DESCRIPTION OF THE TASK:
A single number is wanted: how many lines of the records below contain the word "left".
Content starts
theorem lemma2p6:
  shows "\<not> (\<exists>g \<in> O7. \<exists>ginv \<in> carrier_mat 7 7.
            ginv * g = 1\<^sub>m 7 \<and> g * ginv = 1\<^sub>m 7 \<and>
            (\<forall>i \<in> {4, 5, 6}. \<forall>j \<in> {0, 1, 2}. (ginv * A7 * g) $$ (i, j) = 0))"
proof
  assume "\<exists>g \<in> O7. \<exists>ginv \<in> carrier_mat 7 7.
            ginv * g = 1\<^sub>m 7 \<and> g * ginv = 1\<^sub>m 7 \<and>
            (\<forall>i \<in> {4, 5, 6}. \<forall>j \<in> {0, 1, 2}. (ginv * A7 * g) $$ (i, j) = 0)"
  then obtain g ginv where g: "g \<in> carrier_mat 7 7" and gJg: "transpose_mat g * J7 * g = J7"
    and ginv: "ginv \<in> carrier_mat 7 7" and left: "ginv * g = 1\<^sub>m 7" and right: "g * ginv = 1\<^sub>m 7"
    and block: "\<forall>i \<in> {4, 5, 6}. \<forall>j \<in> {0, 1, 2}. (ginv * A7 * g) $$ (i, j) = 0"
    unfolding O7_def by blast
  define M where "M = ginv * A7 * g"
  have M: "M \<in> carrier_mat 7 7"
    using ginv A7_carrier g by (simp add: M_def)
  obtain c where c: "c \<noteq> 0\<^sub>v 7" and K: "{c, M *\<^sub>v c, M *\<^sub>v (M *\<^sub>v c)} \<subseteq> first_three_coords"
    using block_triangular_Krylov_vector[OF M block[folded M_def]] by auto
  then have carrier: "{c, M *\<^sub>v c, M *\<^sub>v (M *\<^sub>v c)} \<subseteq> carrier_vec 7"
    by (auto simp: first_three_coords_def)
  have "totally_isotropic J7 ((*\<^sub>v) g ` {c, M *\<^sub>v c, M *\<^sub>v (M *\<^sub>v c)})"
    by (intro totally_isotropic_image[OF g J7_carrier gJg carrier]
        totally_isotropic_subset[OF K totally_isotropic_first_three_coords])
  then have "totally_isotropic J7 {g *\<^sub>v c, A7 *\<^sub>v (g *\<^sub>v c), A7 *\<^sub>v (A7 *\<^sub>v (g *\<^sub>v c))}"
    using conjugate_Krylov_image[OF g ginv A7_carrier right, of c, folded M_def] carrier by simp
  then have "g *\<^sub>v c = 0\<^sub>v 7"
    using g carrier by (intro A7_no_isotropic_Krylov_vector) auto
  then show False
    using left_invertible_mult_mat_vec_eq_0[OF g ginv left] carrier c by auto
qed

end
Content ends
PROBLEM SOLUTION:
2